I decided instead to use an online word occurrence tool. I quickly realised, however, that this tool counted each word separately. This caused an issue as many of the entities in my Excel file contained multiple words within one cell. I therefore found a different tool that would allow me to remove the spaces between the words in each cell. I could then take the output from the space removal tool and input that to the word frequency tool, which generated a list of the entities that most frequently came up in the file.
This list of the most frequent words allowed me to automate the harmonisation of entities using the IFS command in Excel more efficiently than I had been doing before. I still, however, was limited by the fact that Excel only allows 125 tests within one excel command in a cell. This meant that I was only able to automate the first 125 unique entities. However, this was by far the most efficient way of cleaning the data, and it enabled me to sort through over 5,000 data points considerably faster than I otherwise would have done.

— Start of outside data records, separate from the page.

lemma eadd_idem_zero:
  assumes C: "C \<in> Ob B" and A: "A \<in> Ob B" and w: "w \<in> Ext B C A" and idem: "eadd B C A w w = w"
  shows "w = ezero B C A"
proof -
  have "w = eadd B C A w (eadd B C A w (eneg B C A w))"
    using eadd_eneg[OF C A w] eadd_zero[OF C A w] by simp
  also have "\<dots> = ezero B C A"
    using eadd_assoc[OF C A w w eneg_Ext[OF C A w]] idem eadd_eneg[OF C A w] by simp
  finally show ?thesis .
qed

lemma pull_ezero:
  assumes A: "A \<in> Ob B" and c: "c \<in> hom B C' C"
  shows "pull B A c (ezero B C A) = ezero B C' A"
proof -
  have C: "C \<in> Ob B" and C': "C' \<in> Ob B"
    using hom_Ob[OF c] by auto
  have z: "ezero B C A \<in> Ext B C A"
    using ezero_Ext[OF C A] .
  have "eadd B C' A (pull B A c (ezero B C A)) (pull B A c (ezero B C A)) = pull B A c (ezero B C A)"
    using pull_eadd[OF A c z z] eadd_zero[OF C A z] by simp
  then show ?thesis
    using eadd_idem_zero[OF C' A pull_Ext[OF A c z]] by simp
qed

lemma realizes_split:
  "A \<in> Ob B \<Longrightarrow> C \<in> Ob B \<Longrightarrow> is_biprod B A C S i1 i2 p1 p2 \<Longrightarrow> realizes B (ezero B C A) i1 p2"
  using ET2 by (simp add: ET2_def)

lemma ET2_morphism:
  assumes "x \<in> hom B A M" "y \<in> hom B M C" "x' \<in> hom B A' M'" "y' \<in> hom B M' C'"
    and "realizes B d x y" "realizes B d' x' y'" "a \<in> hom B A A'" "c \<in> hom B C C'"
    and "push B C a d = pull B A' c d'"
  shows "\<exists>b\<in>hom B M M'. cmp B b x = cmp B x' a \<and> cmp B y' b = cmp B c y"
  using ET2 assms unfolding ET2_def by (elim conjE) metis

lemma ET3_morphism:
  assumes "x \<in> hom B A M" "y \<in> hom B M C" "x' \<in> hom B A' M'" "y' \<in> hom B M' C'"
    and "realizes B d x y" "realizes B d' x' y'" "a \<in> hom B A A'" "b \<in> hom B M M'"
    and "cmp B b x = cmp B x' a"
  shows "\<exists>c\<in>hom B C C'. cmp B c y = cmp B y' b \<and> push B C a d = pull B A' c d'"
  using ET3 assms unfolding ET3_def by metis

lemma ET4opE:
  assumes "f \<in> hom B D A" "f' \<in> hom B A Bo" "g \<in> hom B F Bo" "g' \<in> hom B Bo C"
    and "realizes B d f f'" "realizes B d' g g'"
  obtains E h dd e d'' where "h \<in> hom B E A" "dd \<in> hom B D E" "e \<in> hom B E F"
    "d'' \<in> Ext B C E" "realizes B d'' h (cmp B g' f')" "realizes B (pull B D g d) dd e"
    "cmp B h dd = f" "cmp B f' h = cmp B g e"
  using ET4op assms unfolding ET4op_def by metis

lemma biprod_exists:
  assumes "X \<in> Ob B" "Y \<in> Ob B"
  obtains S i1 i2 p1 p2 where "is_biprod B X Y S i1 i2 p1 p2"
  using additive assms unfolding additive_def by blast

lemma pull_deflation_ezero:
  assumes x: "x \<in> hom B A M" and y: "y \<in> hom B M C" and r: "realizes B d x y"
    and d: "d \<in> Ext B C A"
  shows "pull B A y d = ezero B M A"
proof -
  have A: "A \<in> Ob B" and M: "M \<in> Ob B"
    using hom_Ob[OF x] by auto
  obtain S i1 i2 p1 p2 where bp: "is_biprod B A M S i1 i2 p1 p2"
    using biprod_exists[OF A M] .
  then have i1: "i1 \<in> hom B A S" and i2: "i2 \<in> hom B M S" and p1: "p1 \<in> hom B S A"
    and p2: "p2 \<in> hom B S M" and p1i1: "cmp B p1 i1 = idm B A" and p2i2: "cmp B p2 i2 = idm B M"
    and p1i2: "cmp B p1 i2 = mzero B M A" and p2i1: "cmp B p2 i1 = mzero B A M"
    unfolding is_biprod_def by auto
  have xp1: "cmp B x p1 \<in> hom B S M"
    using comp_hom[OF p1 x] .
  define b where "b = madd B (cmp B x p1) p2"
  have b: "b \<in> hom B S M"
    unfolding b_def using madd_hom[OF xp1 p2] .
  have bi1: "cmp B b i1 = cmp B x (idm B A)"
    using madd_comp[OF i1 xp1 p2] comp_assoc[OF i1 p1 x] p1i1 p2i1 comp_id[OF x] madd_zero[OF x]
    unfolding b_def by simp
  have bi2: "cmp B b i2 = idm B M"
    using madd_comp[OF i2 xp1 p2] comp_assoc[OF i2 p1 x] p1i2 p2i2 comp_zero[OF M x]
      madd_commute[OF zero_hom[OF M M] id_hom[OF M]] madd_zero[OF id_hom[OF M]]
    unfolding b_def by simp
  obtain c where c: "c \<in> hom B M C" and cp2: "cmp B c p2 = cmp B y b"
    and ext: "push B M (idm B A) (ezero B M A) = pull B A c d"
    using ET3_morphism[OF i1 p2 x y realizes_split[OF A M bp] r id_hom[OF A] b bi1] by blast
  have "c = cmp B (cmp B c p2) i2"
    using comp_assoc[OF i2 p2 c] p2i2 comp_id[OF c] by simp
  also have "\<dots> = y"
    using cp2 comp_assoc[OF i2 b y] bi2 comp_id[OF y] by simp
  finally show ?thesis
    using ext push_id[OF M A ezero_Ext[OF M A]] by simp
qed

lemma extends_along_inflation:
  assumes x: "x \<in> hom B A M" and y: "y \<in> hom B M C" and r: "realizes B d x y"
    and w: "w \<in> hom B A W" and split: "push B C w d = ezero B C W"
  shows "\<exists>\<phi>\<in>hom B M W. cmp B \<phi> x = w"
proof -
  have W: "W \<in> Ob B" and C: "C \<in> Ob B"
    using hom_Ob[OF w] hom_Ob[OF y] by auto
  obtain S i1 i2 p1 p2 where bp: "is_biprod B W C S i1 i2 p1 p2"
    using biprod_exists[OF W C] .
  then have i1: "i1 \<in> hom B W S" and p1: "p1 \<in> hom B S W" and p2: "p2 \<in> hom B S C"
    and p1i1: "cmp B p1 i1 = idm B W"
    unfolding is_biprod_def by auto
  have "push B C w d = pull B W (idm B C) (ezero B C W)"
    using split pull_id[OF C W ezero_Ext[OF C W]] by simp
  then obtain b where b: "b \<in> hom B M S" and bx: "cmp B b x = cmp B i1 w"
    using ET2_morphism[OF x y i1 p2 r realizes_split[OF W C bp] w id_hom[OF C]] by blast
  have "cmp B (cmp B p1 b) x = w"
    using comp_assoc[OF x b p1] bx comp_assoc[OF w i1 p1] p1i1 id_comp[OF w] by simp
  then show ?thesis
    using comp_hom[OF b p1] by blast
qed
lemma mult_beta_dens:
  assumes "1 \<le> m"
  shows "t * beta_dens N m t = real m / real (Suc N) * beta_dens (Suc N) (Suc m) t"
proof -
  have bi: "real (Suc m) * real (Suc N choose Suc m) = real (Suc N) * real (N choose m)"
    using Suc_times_binomial[of m N] by (metis of_nat_mult)
  have "real m / real (Suc N) * beta_dens (Suc N) (Suc m) t
      = real m / real (Suc N) * (real (Suc m) * real (Suc N choose Suc m)) * t^m * (1 - t)^(N - m)"
    unfolding beta_dens_def by simp
  also have "\<dots> = real m * real (N choose m) * t^m * (1 - t)^(N - m)" unfolding bi by simp
  also have "t^m = t * t^(m - 1)" using assms by (cases m) auto
  finally show ?thesis unfolding beta_dens_def by (simp add: algebra_simps)
qed

lemma beta_dens_has_real_derivative: "(beta_dens N m has_real_derivative beta_dens_deriv N m t) (at t)"
  unfolding beta_dens_def[abs_def] beta_dens_deriv_def
  by (rule derivative_eq_intros refl | simp add: algebra_simps)+

lemma beta_dens_deriv_eq:
  assumes "2 \<le> m" "m < N"
  shows "beta_dens_deriv N m t = real m * real (N choose m) * (t^(m - 1 - 1) * (1 - t)^(N - m - 1))
    * (real (m - 1) - real (N - 1) * t)"
proof -
  have e1: "t^(m - 1) = t * t^(m - 1 - 1)" using assms by (cases "m - 1") auto
  have e2: "(1 - t)^(N - m) = (1 - t) * (1 - t)^(N - m - 1)" using assms by (cases "N - m") auto
  have e3: "real (N - m) = real (N - 1) - real (m - 1)" using assms by simp
  show ?thesis unfolding beta_dens_deriv_def e1 e2 e3 by (simp add: algebra_simps)
qed

lemma beta_dens_deriv_nonneg:
  assumes "1 \<le> m" "m \<le> N" "0 < t" "t < beta_mode N m"
  shows "0 \<le> beta_dens_deriv N m t"
proof (cases "N = 1")
  case True
  then show ?thesis using assms by (simp add: beta_dens_deriv_def)
next
  case False
  then have N: "0 < real (N - 1)" using assms by simp
  then have lt: "real (N - 1) * t < real (m - 1)"
    using assms False by (simp add: beta_mode_def field_simps)
  moreover have "0 < real (N - 1) * t" using N assms(3) by simp
  ultimately have "0 < real (m - 1)" by linarith
  then have m2: "2 \<le> m" by simp
  show ?thesis
  proof (cases "m = N")
    case True
    then show ?thesis using m2 assms(3) by (simp add: beta_dens_deriv_def)
  next
    case False
    have "real (m - 1) \<le> real (N - 1)" using assms(2) by simp
    then have "real (N - 1) * t < real (N - 1) * 1" using lt by linarith
    then have "t < 1" using N by (simp only: mult_less_cancel_left_pos)
    then have "0 \<le> real m * real (N choose m) * (t^(m - 1 - 1) * (1 - t)^(N - m - 1))
        * (real (m - 1) - real (N - 1) * t)"
      using lt assms(3) by (intro mult_nonneg_nonneg) auto
    then show ?thesis using beta_dens_deriv_eq[of m N t] m2 False assms(2) by simp
  qed
qed

lemma beta_dens_deriv_nonpos:
  assumes "1 \<le> m" "m \<le> N" "beta_mode N m < t" "t < 1"
  shows "beta_dens_deriv N m t \<le> 0"
proof (cases "N = 1")
  case True
  then show ?thesis using assms by (simp add: beta_dens_deriv_def)
next
  case False
  then have N: "0 < real (N - 1)" using assms by simp
  then have lt: "real (m - 1) < real (N - 1) * t"
    using assms False by (simp add: beta_mode_def field_simps)
  moreover have "real (N - 1) * t < real (N - 1)" using N assms(4) by simp
  ultimately have "m < N" using assms(1) by linarith
  show ?thesis
  proof (cases "m = 1")
    case True
    then show ?thesis using assms by (simp add: beta_dens_deriv_def)
  next
    case False
    have "0 \<le> beta_mode N m" by (simp add: beta_mode_def)
    then have "0 \<le> real m * real (N choose m) * (t^(m - 1 - 1) * (1 - t)^(N - m - 1))"
      using assms by simp
    then show ?thesis
      using beta_dens_deriv_eq[of m N t] False assms(1) \<open>m < N\<close> lt
      by (simp add: mult_nonneg_nonpos)
  qed
qed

As is evident from this piece it took me several iterations and adaptions to reach a point where I was satisfied with my workflow. However, having finished my undergraduate fellowship, I am aware that there are still numerous areas that could still be improved upon. I suppose that there are several things I have learned from this experience. It has borne testament to the value of trial and error, persistence, and to the fact that, as my supervisor Professor Blanke pointed out to me, ‘most knowledge is serendipitous in its origins to a degree’. Challenges should thus not be seen as an immovable obstacle, but as an opportunity to learn, and adapting and overcoming these challenges is an important part of learning and of the research process.
This article was written as part of the King’s Undergraduate Research fellowship held in the context of the GUARDINT project, which is supported by the Economic and Social Research Council.